*****

"Master! That’s not fair!" Kenobi squealed. "You should ask one of the others."

"Why? Because they have less embarrassing questions to ask than I might?" Qui-Gon smiled. "Sorry, padawan. I choose you."

"You’re not sorry at all." Grumbled Obi-Wan.

"Sorry, what was that? Dare, did you say?" Qui-Gon enquired, still feeling relief that his ordeal had passed.
"NO! No…I haven’t decided." He frowned in concentration.

"Oh, come on Kenobi!" Berlingside laughed. "It won’t be that bad. Maybe."

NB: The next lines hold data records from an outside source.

definition conf_integral :: "real \<Rightarrow> (real \<Rightarrow> real) \<Rightarrow> real \<Rightarrow> real \<Rightarrow> real" where
  "conf_integral \<alpha> h a b = integral {a..b} (\<lambda>t. h t * t powr (\<alpha> - 1))"

end

theory Submission
  imports Defs
begin

text \<open>With \<open>u t = t\<^sup>\<alpha>/\<alpha>\<close> and \<open>w = u'\<close>, an interior conformable derivative is an ordinary
  one: \<open>f' = D\<^sub>\<alpha>f \<cdot> w\<close>. By a Cauchy mean value argument with respect to \<open>u\<close>, monotonicity
  of \<open>D\<^sub>\<alpha>f\<close> places the graph of \<open>f\<close> below the chord when plotted against \<open>u\<close>, i.e.
  \<open>f t \<le> f a + (f b - f a)(u t - u a)/(u b - u a)\<close>. Integrating against \<open>w\<close>, the chord
  contributes exactly \<open>(u b - u a)(f a + f b)/2\<close>, and \<open>u b - u a = (b\<^sup>\<alpha> - a\<^sup>\<alpha>)/\<alpha>\<close>.
  The decreasing case is the increasing one applied to \<open>-f\<close>.\<close>

lemma conf_has_deriv_interior_iff:
  assumes "a < t" "t < b" "0 < t"
  shows "conf_has_deriv \<alpha> f a b t D \<longleftrightarrow> (conf_quot \<alpha> f t \<longlongrightarrow> D) (at 0)"
proof -
  define c where "c = t powr (1 - \<alpha>)"
  have "c > 0" unfolding c_def using assms by simp
  have sub: "{(a - t) / c <..< (b - t) / c} \<subseteq> {\<epsilon>. t + \<epsilon> * c \<in> {a..b}}"
  proof
    fix \<epsilon> assume "\<epsilon> \<in> {(a - t) / c <..< (b - t) / c}"
    then have "a - t < \<epsilon> * c" "\<epsilon> * c < b - t"
      using \<open>c > 0\<close> by (auto simp: field_simps)
    then show "\<epsilon> \<in> {\<epsilon>. t + \<epsilon> * c \<in> {a..b}}" by auto
  qed
  have "0 \<in> {(a - t) / c <..< (b - t) / c}"
    using assms \<open>c > 0\<close> by (auto simp: field_simps)
  then have "0 \<in> interior {\<epsilon>. t + \<epsilon> * c \<in> {a..b}}"
    using interior_maximal[OF sub open_greaterThanLessThan] by blast
  then have "at 0 within {\<epsilon>. t + \<epsilon> * c \<in> {a..b}} = at 0"
    by (rule at_within_interior)
  then show ?thesis
    unfolding conf_has_deriv_def c_def[symmetric] by (simp only:)
qed

lemma DERIV_of_conf_quot_tendsto:
  assumes "0 < t" and lim: "(conf_quot \<alpha> f t \<longlongrightarrow> D) (at 0)"
  shows "(f has_real_derivative D * t powr (\<alpha> - 1)) (at t)"
proof -
  define c where "c = t powr (1 - \<alpha>)"
  have "c > 0" unfolding c_def using assms by simp
  have "filterlim (\<lambda>h. h / c) (at 0) (at 0)"
    unfolding filterlim_at using \<open>c > 0\<close>
    by (auto intro!: tendsto_eq_intros simp: eventually_at_filter)
  from filterlim_compose[OF lim this]
  have "((\<lambda>h. conf_quot \<alpha> f t (h / c) / c) \<longlongrightarrow> D / c) (at 0)"
    using \<open>c > 0\<close> by (intro tendsto_divide) (auto simp: o_def)
  moreover have "(\<lambda>h. conf_quot \<alpha> f t (h / c) / c) = (\<lambda>h. (f (t + h) - f t) / h)"
    using \<open>c > 0\<close> by (auto simp: conf_quot_def c_def[symmetric] fun_eq_iff)
  moreover have "inverse c = t powr (\<alpha> - 1)"
    unfolding c_def by (metis minus_diff_eq powr_minus)
  ultimately show ?thesis
    unfolding DERIV_def divide_inverse by simp
qed

lemma conf_deriv_eqI:
  assumes "a < t" "t < b" "0 < t" and D: "conf_has_deriv \<alpha> f a b t D"
  shows "conf_deriv \<alpha> f a b t = D"
proof -
  have "D' = D" if "conf_has_deriv \<alpha> f a b t D'" for D'
    using that D tendsto_unique[OF at_neq_bot]
    unfolding conf_has_deriv_interior_iff[OF assms(1-3)] by blast
  then have "(THE D. conf_has_deriv \<alpha> f a b t D) = D"
    using D by blast
  then show ?thesis
    unfolding conf_deriv_def using \<open>0 < t\<close> by simp
qed

lemma conf_differentiable_on_imp_DERIV:
  assumes "conf_differentiable_on \<alpha> f a b" "0 \<le> a" "a < t" "t < b"
  shows "(f has_real_derivative conf_deriv \<alpha> f a b t * t powr (\<alpha> - 1)) (at t)"
proof -
  have "0 < t" using assms by linarith
  have "\<exists>D. conf_has_deriv \<alpha> f a b t D"
    using assms(1,3,4) \<open>0 < t\<close> unfolding conf_differentiable_on_def by auto
  then obtain D where D: "conf_has_deriv \<alpha> f a b t D" ..
  then have "(conf_quot \<alpha> f t \<longlongrightarrow> D) (at 0)"
    using conf_has_deriv_interior_iff[OF assms(3,4) \<open>0 < t\<close>] by blast
  then show ?thesis
    unfolding conf_deriv_eqI[OF assms(3,4) \<open>0 < t\<close> D] by (rule DERIV_of_conf_quot_tendsto[OF \<open>0 < t\<close>])
qed

lemma weighted_Cauchy_mvt:
  fixes f u h w :: "real \<Rightarrow> real"
  assumes "x < y" "continuous_on {x..y} f" "continuous_on {x..y} u"
    and df: "\<And>t. t \<in> {x<..<y} \<Longrightarrow> (f has_real_derivative h t * w t) (at t)"
    and du: "\<And>t. t \<in> {x<..<y} \<Longrightarrow> (u has_real_derivative w t) (at t)"
    and wpos: "\<And>t. t \<in> {x<..<y} \<Longrightarrow> 0 < w t"
  shows "\<exists>\<xi>\<in>{x<..<y}. f y - f x = h \<xi> * (u y - u x)"
proof -
  define \<psi> where "\<psi> t = (f t - f x) * (u y - u x) - (u t - u x) * (f y - f x)" for t
  define d where "d t = w t * (h t * (u y - u x) - (f y - f x))" for t
  have "continuous_on {x..y} \<psi>"
    unfolding \<psi>_def using assms(2,3) by (intro continuous_intros) auto
  moreover have "(\<psi> has_derivative (*) (d t)) (at t)" if "x < t" "t < y" for t
  proof -
    have "(\<psi> has_real_derivative d t) (at t)"
      unfolding \<psi>_def d_def using df[of t] du[of t] that
      by (auto intro!: derivative_eq_intros simp: algebra_simps)
    then show ?thesis by (simp add: has_field_derivative_def)
  qed
  ultimately obtain \<xi> where \<xi>: "x < \<xi>" "\<xi> < y" "\<psi> y - \<psi> x = d \<xi> * (y - x)"
    using mvt[OF \<open>x < y\<close>, of \<psi> "\<lambda>t. (*) (d t)"] by blast
  moreover have "\<psi> y - \<psi> x = 0"
    unfolding \<psi>_def by (simp add: algebra_simps)
  ultimately have "d \<xi> = 0" using \<open>x < y\<close> by simp
  then have "f y - f x = h \<xi> * (u y - u x)"
    unfolding d_def using wpos[of \<xi>] \<xi> by simp
  then show ?thesis using \<xi>(1,2) by auto
qed

lemma le_chord_of_mono_on_weighted_deriv:
  fixes f u h w :: "real \<Rightarrow> real"
  assumes "a \<le> t" "t \<le> b"
    and cf: "continuous_on {a..b} f" and cu: "continuous_on {a..b} u"
    and df: "\<And>t. t \<in> {a<..<b} \<Longrightarrow> (f has_real_derivative h t * w t) (at t)"
    and du: "\<And>t. t \<in> {a<..<b} \<Longrightarrow> (u has_real_derivative w t) (at t)"
    and wpos: "\<And>t. t \<in> {a<..<b} \<Longrightarrow> 0 < w t"
    and mono: "mono_on {a<..<b} h"
  shows "(f t - f a) * (u b - u a) \<le> (f b - f a) * (u t - u a)"
proof -
  consider "t = a" | "t = b" | "a < t" "t < b" using assms(1,2) by fastforce
  then show ?thesis
  proof cases
    case 3
    have sub: "{x..y} \<subseteq> {a..b}" "{x<..<y} \<subseteq> {a<..<b}" if "a \<le> x" "y \<le> b" for x y
      using that by auto
    have u_less: "u x < u y" if "a \<le> x" "x < y" "y \<le> b" for x y
    proof (rule DERIV_pos_imp_increasing_open[OF \<open>x < y\<close>])
      show "continuous_on {x..y} u" using continuous_on_subset[OF cu sub(1)] that by blast
      show "\<exists>D. (u has_real_derivative D) (at s) \<and> 0 < D" if "x < s" "s < y" for s
        using du wpos that \<open>a \<le> x\<close> \<open>y \<le> b\<close> by force
    qed
    obtain \<xi> where \<xi>: "\<xi> \<in> {a<..<t}" "f t - f a = h \<xi> * (u t - u a)"
      using weighted_Cauchy_mvt[of a t f u h w] 3 sub[of a t] cf cu df du wpos
      by (fastforce intro: continuous_on_subset)
    obtain \<eta> where \<eta>: "\<eta> \<in> {t<..<b}" "f b - f t = h \<eta> * (u b - u t)"
      using weighted_Cauchy_mvt[of t b f u h w] 3 sub[of t b] cf cu df du wpos
      by (fastforce intro: continuous_on_subset)
    define p q where "p = u t - u a" and "q = u b - u t"
    have "0 < p" "0 < q"
      unfolding p_def q_def using u_less[of a t] u_less[of t b] 3 by auto
    have "h \<xi> \<le> h \<eta>"
      using mono_onD[OF mono] \<xi>(1) \<eta>(1) 3 by auto
    have "f t - f a = h \<xi> * p" "f b - f t = h \<eta> * q"
      using \<xi>(2) \<eta>(2) unfolding p_def q_def .
    then have "f b - f a = h \<xi> * p + h \<eta> * q" by linarith
    have "(f t - f a) * (u b - u a) = h \<xi> * p * p + h \<xi> * (p * q)"
      unfolding \<open>f t - f a = h \<xi> * p\<close> p_def q_def by (simp add: algebra_simps)
    also have "\<dots> \<le> h \<xi> * p * p + h \<eta> * (p * q)"
      using \<open>h \<xi> \<le> h \<eta>\<close> \<open>0 < p\<close> \<open>0 < q\<close> by simp
    also have "\<dots> = (f b - f a) * (u t - u a)"
      unfolding \<open>f b - f a = h \<xi> * p + h \<eta> * q\<close> p_def[symmetric] by (simp add: algebra_simps)
    finally show ?thesis .
  qed simp_all
qed

lemma integrable_continuous_mult_nonneg:
  fixes f w :: "real \<Rightarrow> real"
  assumes "continuous_on {a..b} f" "w integrable_on {a..b}" "\<And>t. t \<in> {a..b} \<Longrightarrow> 0 \<le> w t"
  shows "(\<lambda>t. f t * w t) integrable_on {a..b}"
proof -
  have "w absolutely_integrable_on {a..b}"
    using assms(2,3) by (intro nonnegative_absolutely_integrable_1) auto
  moreover have "bounded (f ` {a..b})"
    using compact_continuous_image[OF assms(1)] compact_imp_bounded by auto
  moreover have "f \<in> borel_measurable (lebesgue_on {a..b})"
    using assms(1) by (intro continuous_imp_measurable_on_sets_lebesgue) auto
  ultimately have "(\<lambda>t. f t * w t) absolutely_integrable_on {a..b}"
    by (intro absolutely_integrable_bounded_measurable_product_real) auto
  then show ?thesis
    by (rule set_lebesgue_integral_eq_integral(1))
qed

lemma integral_weighted_le_trapezoid:
  fixes f u h w :: "real \<Rightarrow> real"
  assumes "a < b"
    and cf: "continuous_on {a..b} f" and cu: "continuous_on {a..b} u"
    and df: "\<And>t. t \<in> {a<..<b} \<Longrightarrow> (f has_real_derivative h t * w t) (at t)"
    and du: "\<And>t. t \<in> {a<..<b} \<Longrightarrow> (u has_real_derivative w t) (at t)"
    and wpos: "\<And>t. t \<in> {a<..<b} \<Longrightarrow> 0 < w t"
    and wnn: "\<And>t. t \<in> {a..b} \<Longrightarrow> 0 \<le> w t"
    and mono: "mono_on {a<..<b} h"
  shows "integral {a..b} (\<lambda>t. f t * w t) \<le> (u b - u a) * ((f b + f a) / 2)"
proof -
  have U: "u a < u b"
  proof (rule DERIV_pos_imp_increasing_open[OF \<open>a < b\<close> _ cu])
    show "\<exists>D. (u has_real_derivative D) (at s) \<and> 0 < D" if "a < s" "s < b" for s
      using du wpos that by force
  qed
  define K where "K = (f b - f a) / (u b - u a)"
  define chord where "chord t = f a + K * (u t - u a)" for t
  define G where "G t = f a * u t + K * (u t - u a)\<^sup>2 / 2" for t
  have "(w has_integral (u b - u a)) {a..b}"
    using \<open>a < b\<close> cu du by (intro fundamental_theorem_of_calculus_interior)
      (auto simp: has_real_derivative_iff_has_vector_derivative[symmetric])
  then have fw_int: "(\<lambda>t. f t * w t) integrable_on {a..b}"
    by (intro integrable_continuous_mult_nonneg[OF cf] wnn) blast
  have chord_int: "((\<lambda>t. chord t * w t) has_integral (G b - G a)) {a..b}"
  proof (rule fundamental_theorem_of_calculus_interior)
    show "continuous_on {a..b} G" unfolding G_def using cu by (intro continuous_intros) auto
    fix t assume "t \<in> {a<..<b}"
    then have "(G has_real_derivative chord t * w t) (at t)"
      unfolding G_def chord_def using du
      by (auto intro!: derivative_eq_intros simp: field_simps power2_eq_square)
    then show "(G has_vector_derivative chord t * w t) (at t)"
      by (simp add: has_real_derivative_iff_has_vector_derivative)
  qed (use \<open>a < b\<close> in auto)
  have "integral {a..b} (\<lambda>t. f t * w t) \<le> integral {a..b} (\<lambda>t. chord t * w t)"
  proof (rule integral_le[OF fw_int])
    show "(\<lambda>t. chord t * w t) integrable_on {a..b}" using chord_int by blast
    fix t assume t: "t \<in> {a..b}"
    have "f t \<le> chord t"
      using le_chord_of_mono_on_weighted_deriv[of a t b f u h w] t assms U
      unfolding chord_def K_def by (simp add: field_simps)
    then show "f t * w t \<le> chord t * w t" using wnn[OF t] by (rule mult_right_mono)
  qed
  also have "\<dots> = G b - G a" using chord_int by blast
  also have "\<dots> = (u b - u a) * ((f b + f a) / 2)"
    unfolding G_def K_def using U by (simp add: field_simps power2_eq_square)
  finally show ?thesis .
qed

lemma conf_integral_le_trapezoid:
  fixes g h :: "real \<Rightarrow> real"
  assumes "0 < \<alpha>" "0 \<le> a" "a < b" "continuous_on {a..b} g" "mono_on {a<..<b} h"
    and dg: "\<And>t. t \<in> {a<..<b} \<Longrightarrow> (g has_real_derivative h t * t powr (\<alpha> - 1)) (at t)"
  shows "\<alpha> / (b powr \<alpha> - a powr \<alpha>) * conf_integral \<alpha> g a b \<le> (g b + g a) / 2"
proof -
  define u where "u t = t powr \<alpha> / \<alpha>" for t :: real
  have du: "(u has_real_derivative t powr (\<alpha> - 1)) (at t)" if "t \<in> {a<..<b}" for t
    using that assms(1,2) has_real_derivative_powr[of t \<alpha>]
    unfolding u_def by (auto intro!: derivative_eq_intros)
  have cu: "continuous_on {a..b} u"
    unfolding u_def using assms(1,2) by (intro continuous_intros continuous_on_powr') auto
  have "u a < u b"
    unfolding u_def using assms by (intro divide_strict_right_mono powr_less_mono2) auto
  have scale: "\<alpha> / (b powr \<alpha> - a powr \<alpha>) = 1 / (u b - u a)"
    unfolding u_def using assms(1) by (simp add: diff_divide_distrib[symmetric])
  have "conf_integral \<alpha> g a b \<le> (u b - u a) * ((g b + g a) / 2)"
    unfolding conf_integral_def
    using integral_weighted_le_trapezoid[OF \<open>a < b\<close> assms(4) cu dg du _ _ assms(5)] assms(2)
    by auto
  then show ?thesis
    unfolding scale using \<open>u a < u b\<close> by (simp add: field_simps)
qed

Oh, hell. What should I decide, Obi-Wan shivered.

"Truth." He swallowed.

His Master’s eyes lit up.

"I’d like you to tell the truth to our little assembly here," Qui-Gon pointed at the group in circular fashion, "and inform them who was responsible for the hoses in the temple gardens sprinkling raw slurry over everyone instead of water." He stared intently at his padawan. "And remember, I’ll know if you tell me any falsehoods."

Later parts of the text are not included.